Whenever a line in the entries includes the word "definition", copy that line out.

**Data for this exercise**
====

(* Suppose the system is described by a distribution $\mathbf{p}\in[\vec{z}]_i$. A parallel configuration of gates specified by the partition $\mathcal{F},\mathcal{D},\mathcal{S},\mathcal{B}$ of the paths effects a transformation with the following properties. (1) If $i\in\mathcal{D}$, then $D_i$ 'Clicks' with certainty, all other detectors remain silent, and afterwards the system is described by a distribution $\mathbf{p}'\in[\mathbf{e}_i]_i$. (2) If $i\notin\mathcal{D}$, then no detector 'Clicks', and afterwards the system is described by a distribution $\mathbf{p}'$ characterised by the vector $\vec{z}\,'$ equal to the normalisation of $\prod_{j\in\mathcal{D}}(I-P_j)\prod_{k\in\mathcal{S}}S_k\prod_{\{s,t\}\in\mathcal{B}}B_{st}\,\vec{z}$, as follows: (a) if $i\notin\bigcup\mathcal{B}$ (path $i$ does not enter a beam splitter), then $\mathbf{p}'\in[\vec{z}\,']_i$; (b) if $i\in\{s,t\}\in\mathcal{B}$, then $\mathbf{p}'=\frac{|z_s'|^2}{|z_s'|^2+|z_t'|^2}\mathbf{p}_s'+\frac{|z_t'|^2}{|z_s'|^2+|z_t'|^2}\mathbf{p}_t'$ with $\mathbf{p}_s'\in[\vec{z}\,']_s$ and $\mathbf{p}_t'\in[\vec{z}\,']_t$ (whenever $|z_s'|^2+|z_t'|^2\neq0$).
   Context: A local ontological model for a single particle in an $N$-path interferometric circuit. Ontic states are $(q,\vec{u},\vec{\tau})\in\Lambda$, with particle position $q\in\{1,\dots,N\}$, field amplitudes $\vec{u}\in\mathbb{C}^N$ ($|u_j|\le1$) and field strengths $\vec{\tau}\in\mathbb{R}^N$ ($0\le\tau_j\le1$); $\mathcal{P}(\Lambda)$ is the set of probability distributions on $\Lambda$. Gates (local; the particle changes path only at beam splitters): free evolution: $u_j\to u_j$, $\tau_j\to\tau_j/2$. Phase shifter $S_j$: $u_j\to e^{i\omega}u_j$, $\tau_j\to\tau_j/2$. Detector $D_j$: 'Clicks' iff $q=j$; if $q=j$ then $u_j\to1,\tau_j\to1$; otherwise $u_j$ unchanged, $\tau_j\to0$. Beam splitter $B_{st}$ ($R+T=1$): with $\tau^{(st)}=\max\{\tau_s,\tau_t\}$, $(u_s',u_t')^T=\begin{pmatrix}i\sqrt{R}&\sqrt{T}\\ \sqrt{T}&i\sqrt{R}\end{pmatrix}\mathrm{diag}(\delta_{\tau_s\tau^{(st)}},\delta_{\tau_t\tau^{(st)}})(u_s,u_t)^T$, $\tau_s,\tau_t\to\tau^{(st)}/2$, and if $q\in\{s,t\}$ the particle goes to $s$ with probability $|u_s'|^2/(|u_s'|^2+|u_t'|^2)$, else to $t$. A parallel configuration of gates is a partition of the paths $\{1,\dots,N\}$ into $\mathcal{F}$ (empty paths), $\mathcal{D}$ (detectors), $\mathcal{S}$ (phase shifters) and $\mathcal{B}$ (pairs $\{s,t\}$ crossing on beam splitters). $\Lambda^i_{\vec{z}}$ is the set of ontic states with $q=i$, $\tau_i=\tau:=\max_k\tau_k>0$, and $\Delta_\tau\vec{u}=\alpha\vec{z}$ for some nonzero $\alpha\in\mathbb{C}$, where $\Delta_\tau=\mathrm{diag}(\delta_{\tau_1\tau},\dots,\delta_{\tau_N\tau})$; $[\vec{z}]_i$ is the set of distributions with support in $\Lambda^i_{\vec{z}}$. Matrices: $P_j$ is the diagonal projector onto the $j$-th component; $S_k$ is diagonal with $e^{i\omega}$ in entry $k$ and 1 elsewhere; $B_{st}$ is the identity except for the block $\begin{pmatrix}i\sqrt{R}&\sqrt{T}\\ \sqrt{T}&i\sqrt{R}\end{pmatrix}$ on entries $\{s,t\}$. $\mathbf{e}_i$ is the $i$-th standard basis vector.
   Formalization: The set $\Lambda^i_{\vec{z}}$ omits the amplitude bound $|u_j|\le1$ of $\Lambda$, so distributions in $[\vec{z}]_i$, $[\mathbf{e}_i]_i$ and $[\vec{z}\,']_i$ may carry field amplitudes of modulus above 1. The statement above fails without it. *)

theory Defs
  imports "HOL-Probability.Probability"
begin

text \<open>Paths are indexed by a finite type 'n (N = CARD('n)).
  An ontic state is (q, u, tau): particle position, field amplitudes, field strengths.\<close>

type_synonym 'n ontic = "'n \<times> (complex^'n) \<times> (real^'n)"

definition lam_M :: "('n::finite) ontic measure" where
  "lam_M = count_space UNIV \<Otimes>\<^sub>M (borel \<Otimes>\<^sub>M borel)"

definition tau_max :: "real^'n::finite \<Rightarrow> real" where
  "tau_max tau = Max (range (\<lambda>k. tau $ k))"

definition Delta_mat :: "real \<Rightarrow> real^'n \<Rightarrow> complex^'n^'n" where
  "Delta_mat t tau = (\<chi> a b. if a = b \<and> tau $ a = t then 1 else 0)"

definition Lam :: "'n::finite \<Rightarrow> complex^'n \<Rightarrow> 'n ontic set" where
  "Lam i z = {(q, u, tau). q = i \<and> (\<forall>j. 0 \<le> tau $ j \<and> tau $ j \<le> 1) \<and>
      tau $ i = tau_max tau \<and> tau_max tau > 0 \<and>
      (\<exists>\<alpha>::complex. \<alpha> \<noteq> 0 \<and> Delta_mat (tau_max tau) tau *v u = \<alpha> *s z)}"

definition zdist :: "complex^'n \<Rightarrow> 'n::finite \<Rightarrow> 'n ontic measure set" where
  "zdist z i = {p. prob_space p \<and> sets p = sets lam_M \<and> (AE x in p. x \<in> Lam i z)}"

====

**Output for this task**
definition lam_M :: "('n::finite) ontic measure" where
definition tau_max :: "real^'n::finite \<Rightarrow> real" where
definition Delta_mat :: "real \<Rightarrow> real^'n \<Rightarrow> complex^'n^'n" where
definition Lam :: "'n::finite \<Rightarrow> complex^'n \<Rightarrow> 'n ontic set" where
definition zdist :: "complex^'n \<Rightarrow> 'n::finite \<Rightarrow> 'n ontic measure set" where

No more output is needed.